Makes 4 cups (enough for 6 lbs of potatoes)
Serves 3 -4


Cheeze Sauce:
Canola oil ½ cup
Onion, Spanish, large, roughly sliced 1
Garlic, cloves, sliced 3
Salt 1 tsp
Black pepper
Nutritional yeast 3 tbsp
Mustard, Dijon 2 tbsp
Turmeric 1 tsp
Bouillon, crumbled 1
Flour 1/3 cup
Milk, hemp, unsweetened 3 cups
Potatoes, cut into French fries 6 lbs
Canola oil 9 tbsp (3 tbsp per 2 lb of potatoes, if using T-fal Actifry)
Tomatoes, diced
Green onions, diced
Jalapeños, diced
Green olives, diced
Black beans


  1. For the potatoes, wash, dry, and hand cut potatoes into French fries. Place potatoes on a paper towel and dry thoroughly. Place in T-fal fryer. Add 3 tablespoons of canola oil (per 2 lb of potatoes) and season with salt and black pepper. Set timer for 45 minutes. Alternatively, preheat oven to 400 degrees. Place potatoes on a baking sheet and bake for 45 minutes to an hour or until potatoes are golden brown. You’ll need more oil if using this method.
  2. To make the cheeze sauce, in a medium pot, heat the canola oil.

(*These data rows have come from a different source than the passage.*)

(* Let $s>0$ and let $Z$ be a random variable that under $\mathbb{Q}$ has mean $0$, variance $1$ and a density $f_Z^{\mathbb{Q}}$ with $f_Z^{\mathbb{Q}}(x)>0$ for all $x\in\mathbb{R}$. Let $S_T=S_0e^{(r+\omega)T+s\sqrt{T}Z}$ where $\omega\in\mathbb{R}$ is such that $e^{-rT}E_{\mathbb{Q}}[S_T]=S_0$. Let $h^*>0$ and let $\mathcal{H}\subset[h^*,\infty)$ with $h^*\in\mathcal{H}$ and $E_{\mathbb{Q}}[S_T^h]<\infty$ for all $h\in\mathcal{H}$. For $h\in\mathcal{H}$ define $\mathbb{P}^h$ by $\frac{d\mathbb{P}^h}{d\mathbb{Q}}=\frac{S_T^h}{E_{\mathbb{Q}}[S_T^h]}$, and let $\mathcal{P}=\{\mathbb{P}^h:h\in\mathcal{H}\}$. Then $F^{\mathbb{P}^{h^*}}_{S_T}\preceq_{\mathbb{F}_{FSD}}F^{\mathbb{P}^h}_{S_T}$ (hence also $\preceq_{\mathbb{F}_{SSD}}$) for all $h\in\mathcal{H}$, $\mathbb{P}^{h^*}$ is a least favorable measure with respect to $\mathbb{F}_{FSD}$, and $\ell^{\mathbb{P}^{h^*}}$ is continuously distributed under $\mathbb{P}^{h^*}$. If moreover $h^*\in(0,1]$, then $\mathbb{P}^{h^*}$ is also a least favorable measure with respect to $\mathbb{F}_{SSD}$.
   Context: Standing setting: fix $T>0$, $r\in\mathbb{R}$, $S_0>0$, and write $\mathbb{R}_+=[0,\infty)$; $\mathcal{F}=\sigma(S_T)$. For $\mathbb{P}\in\mathcal{P}$, $\ell^{\mathbb{P}}=d\mathbb{P}/d\mathbb{Q}$; $F_X^{\mathbb{P}}$ is the cdf of $X$ under $\mathbb{P}$. For a set $\mathbb{F}$ of measurable functions $\mathbb{R}_+\to\mathbb{R}$ and cdfs $F,G$ on $\mathbb{R}_+$, $F\preceq_{\mathbb{F}}G$ means $\int f\,dF\le\int f\,dG$ for all $f\in\mathbb{F}$ with finite integrals. $\mathbb{F}_{FSD}$ is the set of all non-decreasing functions $\mathbb{R}_+\to\mathbb{R}$; $\mathbb{F}_{SSD}$ is the set of all non-decreasing concave functions $\mathbb{R}_+\to\mathbb{R}$. A measure $\mathbb{P}^*\in\mathcal{P}$ with $\ell^*=d\mathbb{P}^*/d\mathbb{Q}$ is least favorable w.r.t. $\mathbb{F}$ if $F_{\ell^*}^{\mathbb{P}^*}\preceq_{\mathbb{F}}F_{\ell^*}^{\mathbb{P}}$ for all $\mathbb{P}\in\mathcal{P}$. *)

theory Defs
  imports "HOL-Probability.Probability"
begin

definition stoch_le :: "(real \<Rightarrow> real) set \<Rightarrow> real measure \<Rightarrow> real measure \<Rightarrow> bool" where
  "stoch_le FF \<mu> \<nu> \<longleftrightarrow>
     (\<forall>f\<in>FF. integrable \<mu> f \<and> integrable \<nu> f \<longrightarrow> (\<integral>x. f x \<partial>\<mu>) \<le> (\<integral>x. f x \<partial>\<nu>))"

definition F_FSD :: "(real \<Rightarrow> real) set" where
  "F_FSD = {f. mono_on {0..} f}"

definition F_SSD :: "(real \<Rightarrow> real) set" where
  "F_SSD = {f. mono_on {0..} f \<and> concave_on {0..} f}"

definition lik :: "'a measure \<Rightarrow> 'a measure \<Rightarrow> 'a \<Rightarrow> real" where
  "lik Q P = (\<lambda>x. enn2real (RN_deriv Q P x))"

definition least_favorable ::
  "(real \<Rightarrow> real) set \<Rightarrow> 'a measure set \<Rightarrow> 'a measure \<Rightarrow> 'a measure \<Rightarrow> bool" where
  "least_favorable FF Pset Q Pstar \<longleftrightarrow> Pstar \<in> Pset \<and>
     (\<forall>P\<in>Pset. stoch_le FF (distr Pstar borel (lik Q Pstar)) (distr P borel (lik Q Pstar)))"

definition esscher :: "'a measure \<Rightarrow> ('a \<Rightarrow> real) \<Rightarrow> real \<Rightarrow> 'a measure" where
  "esscher Q ST h = density Q (\<lambda>x. ennreal (ST x powr h / (\<integral>y. ST y powr h \<partial>Q)))"

end

theory Submission
  imports Defs
begin

text \<open>For \<open>a \<le> b\<close> the density ratio \<open>dP\<^sup>b/dP\<^sup>a\<close> is a non-decreasing function of \<open>S\<^sub>T\<close>, so
  \<open>P\<^sup>b\<close> shifts mass towards large \<open>S\<^sub>T\<close>: by a Chebyshev covariance argument every function
  non-decreasing in \<open>S\<^sub>T\<close> has a larger \<open>P\<^sup>b\<close>-mean. The likelihood ratio of \<open>P\<^sup>h\<^sup>*\<close> is
  itself non-decreasing in \<open>S\<^sub>T\<close>, which gives least favourability, and it is an injective
  function of the atomless \<open>Z\<close>, which gives continuity of its distribution function.
  Second order dominance is weaker than first order dominance.\<close>

lemma stoch_le_subset: "stoch_le A \<mu> \<nu> \<Longrightarrow> B \<subseteq> A \<Longrightarrow> stoch_le B \<mu> \<nu>"
  unfolding stoch_le_def by blast

lemma F_SSD_subset_F_FSD: "F_SSD \<subseteq> F_FSD"
  unfolding F_SSD_def F_FSD_def by auto

lemma integral_powr_pos:
  fixes S :: "'a \<Rightarrow> real"
  assumes "prob_space M" and "\<forall>x. S x > 0" and "integrable M (\<lambda>x. S x powr c)"
  shows "(\<integral>x. S x powr c \<partial>M) > 0"
proof -
  interpret prob_space M by fact
  have "(\<integral>x. S x powr c \<partial>M) \<ge> 0" by (simp add: Bochner_Integration.integral_nonneg)
  moreover have "(\<integral>x. S x powr c \<partial>M) \<noteq> 0"
  proof
    assume "(\<integral>x. S x powr c \<partial>M) = 0"
    then have "AE x in M. S x powr c = 0"
      using integral_nonneg_eq_0_iff_AE[OF assms(3)] by auto
    then have "AE x in M. False"
      by (rule eventually_mono) (metis assms(2) less_irrefl powr_eq_0_iff)
    then show False by simp
  qed
  ultimately show ?thesis by linarith
qed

  3. Add Spanish onion and cook for 10-12 minutes until onion is translucent, but not caramelized.
  4. Add garlic, salt, and black pepper and cook for a couple minutes more until garlic is fragrant.
  5. Remove pot from heat. Scoop onion mixture into a food processor and process until thoroughly combined and smooth. This step is important to avoid a chunky sauce.
  6. Return onion mixture to pot over medium heat.
  7. Add nutritional yeast, Dijon mustard, turmeric, and crumbled bouillon into onion mixture and combine well.
  8. After a couple minutes, add flour and thoroughly combine. Cook for a couple of minutes.
  9. One ladle at a time, whisk in the hemp milk until the sauce becomes smooth and creamy.
  10. Adjust seasoning adding salt and black pepper to taste. Simmer sauce for 3-4 more minutes or until you achieve the desired consistency.
  11. To assemble, divide potatoes into 3-4 portions. Generously ladle cheeze sauce over French fries. Top with assorted veggies (tomatoes, green onions, jalapenos, green olives) and black beans. Check seasoning (of dish) and add salt and black pepper, if so desired.